** Opening DATA LISTING block **

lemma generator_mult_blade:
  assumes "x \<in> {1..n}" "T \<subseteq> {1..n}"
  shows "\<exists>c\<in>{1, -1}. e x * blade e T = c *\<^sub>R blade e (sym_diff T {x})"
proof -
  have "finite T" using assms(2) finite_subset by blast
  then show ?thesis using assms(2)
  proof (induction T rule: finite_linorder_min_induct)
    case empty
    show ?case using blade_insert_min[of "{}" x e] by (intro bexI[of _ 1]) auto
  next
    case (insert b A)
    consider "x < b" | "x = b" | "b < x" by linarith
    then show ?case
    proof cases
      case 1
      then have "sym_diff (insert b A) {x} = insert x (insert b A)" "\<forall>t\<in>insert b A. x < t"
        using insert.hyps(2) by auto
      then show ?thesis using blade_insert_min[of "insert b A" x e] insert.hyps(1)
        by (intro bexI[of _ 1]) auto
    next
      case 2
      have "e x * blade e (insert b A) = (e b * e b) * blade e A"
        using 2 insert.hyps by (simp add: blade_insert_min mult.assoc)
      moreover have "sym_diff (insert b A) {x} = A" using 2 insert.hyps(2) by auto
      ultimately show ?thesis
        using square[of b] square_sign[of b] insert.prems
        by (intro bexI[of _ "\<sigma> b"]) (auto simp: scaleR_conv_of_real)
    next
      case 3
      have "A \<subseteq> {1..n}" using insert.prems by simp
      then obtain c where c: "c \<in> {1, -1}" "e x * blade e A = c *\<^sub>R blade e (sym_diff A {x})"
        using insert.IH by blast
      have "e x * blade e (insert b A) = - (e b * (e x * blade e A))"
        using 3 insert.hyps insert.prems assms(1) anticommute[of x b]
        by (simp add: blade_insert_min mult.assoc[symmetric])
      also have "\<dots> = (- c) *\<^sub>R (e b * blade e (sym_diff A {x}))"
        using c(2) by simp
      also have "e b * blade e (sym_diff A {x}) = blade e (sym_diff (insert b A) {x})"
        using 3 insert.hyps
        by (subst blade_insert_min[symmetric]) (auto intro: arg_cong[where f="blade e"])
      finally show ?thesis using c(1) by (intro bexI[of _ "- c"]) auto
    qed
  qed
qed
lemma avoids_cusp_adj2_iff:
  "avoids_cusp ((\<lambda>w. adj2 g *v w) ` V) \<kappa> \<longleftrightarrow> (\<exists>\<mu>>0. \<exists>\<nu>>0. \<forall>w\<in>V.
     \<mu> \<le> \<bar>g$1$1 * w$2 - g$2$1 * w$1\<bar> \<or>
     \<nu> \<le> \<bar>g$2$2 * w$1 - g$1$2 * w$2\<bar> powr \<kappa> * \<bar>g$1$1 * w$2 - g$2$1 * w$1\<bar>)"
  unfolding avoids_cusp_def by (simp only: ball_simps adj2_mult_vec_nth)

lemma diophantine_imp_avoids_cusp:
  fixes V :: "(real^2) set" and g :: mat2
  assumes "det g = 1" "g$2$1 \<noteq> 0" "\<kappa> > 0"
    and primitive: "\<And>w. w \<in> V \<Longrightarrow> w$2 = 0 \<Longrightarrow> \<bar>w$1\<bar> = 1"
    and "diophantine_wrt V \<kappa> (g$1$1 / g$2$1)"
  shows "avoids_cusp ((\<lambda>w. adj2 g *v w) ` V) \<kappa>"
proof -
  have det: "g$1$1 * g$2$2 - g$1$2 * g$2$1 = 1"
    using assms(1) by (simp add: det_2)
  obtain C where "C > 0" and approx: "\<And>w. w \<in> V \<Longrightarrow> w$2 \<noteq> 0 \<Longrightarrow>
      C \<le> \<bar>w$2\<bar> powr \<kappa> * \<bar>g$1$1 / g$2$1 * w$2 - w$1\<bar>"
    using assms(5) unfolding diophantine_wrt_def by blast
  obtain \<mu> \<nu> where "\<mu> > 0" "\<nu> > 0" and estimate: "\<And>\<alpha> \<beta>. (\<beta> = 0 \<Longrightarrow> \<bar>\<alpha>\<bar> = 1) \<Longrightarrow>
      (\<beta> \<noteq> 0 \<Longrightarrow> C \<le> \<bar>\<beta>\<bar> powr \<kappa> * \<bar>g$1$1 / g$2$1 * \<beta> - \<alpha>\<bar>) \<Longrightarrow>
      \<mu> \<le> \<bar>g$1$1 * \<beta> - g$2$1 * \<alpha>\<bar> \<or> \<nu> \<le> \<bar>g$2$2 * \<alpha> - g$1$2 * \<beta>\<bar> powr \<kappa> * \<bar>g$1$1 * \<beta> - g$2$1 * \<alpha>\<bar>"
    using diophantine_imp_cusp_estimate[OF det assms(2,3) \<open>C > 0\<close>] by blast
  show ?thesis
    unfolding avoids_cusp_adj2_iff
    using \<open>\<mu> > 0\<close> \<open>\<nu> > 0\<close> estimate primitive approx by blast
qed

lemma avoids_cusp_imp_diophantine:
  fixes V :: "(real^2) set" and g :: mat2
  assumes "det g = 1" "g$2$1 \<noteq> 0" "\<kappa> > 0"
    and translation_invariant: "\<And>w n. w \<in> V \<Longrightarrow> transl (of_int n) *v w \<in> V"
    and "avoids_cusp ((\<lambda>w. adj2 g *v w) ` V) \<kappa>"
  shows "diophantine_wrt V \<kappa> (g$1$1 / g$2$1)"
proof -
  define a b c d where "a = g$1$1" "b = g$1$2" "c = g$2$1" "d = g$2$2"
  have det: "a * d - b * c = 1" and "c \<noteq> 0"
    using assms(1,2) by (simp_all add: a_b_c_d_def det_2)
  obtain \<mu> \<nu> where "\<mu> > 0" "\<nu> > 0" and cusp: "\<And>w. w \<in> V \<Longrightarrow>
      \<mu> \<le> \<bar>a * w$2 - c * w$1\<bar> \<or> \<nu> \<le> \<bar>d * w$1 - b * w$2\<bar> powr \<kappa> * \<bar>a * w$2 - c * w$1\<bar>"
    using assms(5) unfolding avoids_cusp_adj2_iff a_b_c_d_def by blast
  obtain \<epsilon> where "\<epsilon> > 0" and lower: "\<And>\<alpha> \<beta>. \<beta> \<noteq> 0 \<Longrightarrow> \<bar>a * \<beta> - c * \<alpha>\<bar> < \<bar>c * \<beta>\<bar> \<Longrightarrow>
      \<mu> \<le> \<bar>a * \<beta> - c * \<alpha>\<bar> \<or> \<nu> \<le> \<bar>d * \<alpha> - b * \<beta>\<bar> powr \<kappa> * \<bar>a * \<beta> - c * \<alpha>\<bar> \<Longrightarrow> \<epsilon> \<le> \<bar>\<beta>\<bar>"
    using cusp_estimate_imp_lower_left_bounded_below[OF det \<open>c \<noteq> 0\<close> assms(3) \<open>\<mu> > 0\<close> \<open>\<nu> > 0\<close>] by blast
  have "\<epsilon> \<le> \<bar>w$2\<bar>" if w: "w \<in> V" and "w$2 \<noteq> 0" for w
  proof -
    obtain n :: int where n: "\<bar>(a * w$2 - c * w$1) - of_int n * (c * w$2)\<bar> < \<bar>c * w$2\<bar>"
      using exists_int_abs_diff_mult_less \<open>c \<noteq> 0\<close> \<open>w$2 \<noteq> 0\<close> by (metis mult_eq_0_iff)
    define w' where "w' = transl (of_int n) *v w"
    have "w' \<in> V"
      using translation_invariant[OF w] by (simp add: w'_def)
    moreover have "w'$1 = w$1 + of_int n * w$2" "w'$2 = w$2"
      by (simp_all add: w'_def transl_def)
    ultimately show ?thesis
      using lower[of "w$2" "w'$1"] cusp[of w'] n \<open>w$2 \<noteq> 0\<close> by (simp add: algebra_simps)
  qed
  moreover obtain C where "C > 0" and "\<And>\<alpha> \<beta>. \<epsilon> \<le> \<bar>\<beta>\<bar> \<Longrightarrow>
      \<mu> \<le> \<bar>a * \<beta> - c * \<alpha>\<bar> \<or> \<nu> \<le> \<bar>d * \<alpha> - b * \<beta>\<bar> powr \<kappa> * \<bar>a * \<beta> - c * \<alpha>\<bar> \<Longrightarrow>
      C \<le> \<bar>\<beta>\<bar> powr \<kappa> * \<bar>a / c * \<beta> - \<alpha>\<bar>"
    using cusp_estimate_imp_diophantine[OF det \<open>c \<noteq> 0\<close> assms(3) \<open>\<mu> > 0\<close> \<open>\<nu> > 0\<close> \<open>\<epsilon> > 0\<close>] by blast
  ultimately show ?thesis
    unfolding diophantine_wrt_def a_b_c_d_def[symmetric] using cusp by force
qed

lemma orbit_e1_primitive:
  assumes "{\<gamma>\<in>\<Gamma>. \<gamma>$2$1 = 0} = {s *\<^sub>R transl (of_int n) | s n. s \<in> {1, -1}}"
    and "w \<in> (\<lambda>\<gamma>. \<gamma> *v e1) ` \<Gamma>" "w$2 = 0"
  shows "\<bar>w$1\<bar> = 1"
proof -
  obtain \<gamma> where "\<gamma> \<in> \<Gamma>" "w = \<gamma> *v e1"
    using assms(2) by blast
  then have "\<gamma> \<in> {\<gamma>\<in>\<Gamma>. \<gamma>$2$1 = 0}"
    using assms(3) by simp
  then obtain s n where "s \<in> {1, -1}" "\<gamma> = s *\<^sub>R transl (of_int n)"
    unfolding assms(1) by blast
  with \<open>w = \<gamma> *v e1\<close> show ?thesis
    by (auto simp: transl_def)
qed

** Closing DATA LISTING block **

- _EXERCISE DIRECTIONS_
Search the data above for the string "define" and return every line that has it.

- _ANSWER FOR THE TASK_
  define a b c d where "a = g$1$1" "b = g$1$2" "c = g$2$1" "d = g$2$2"
    define w' where "w' = transl (of_int n) *v w"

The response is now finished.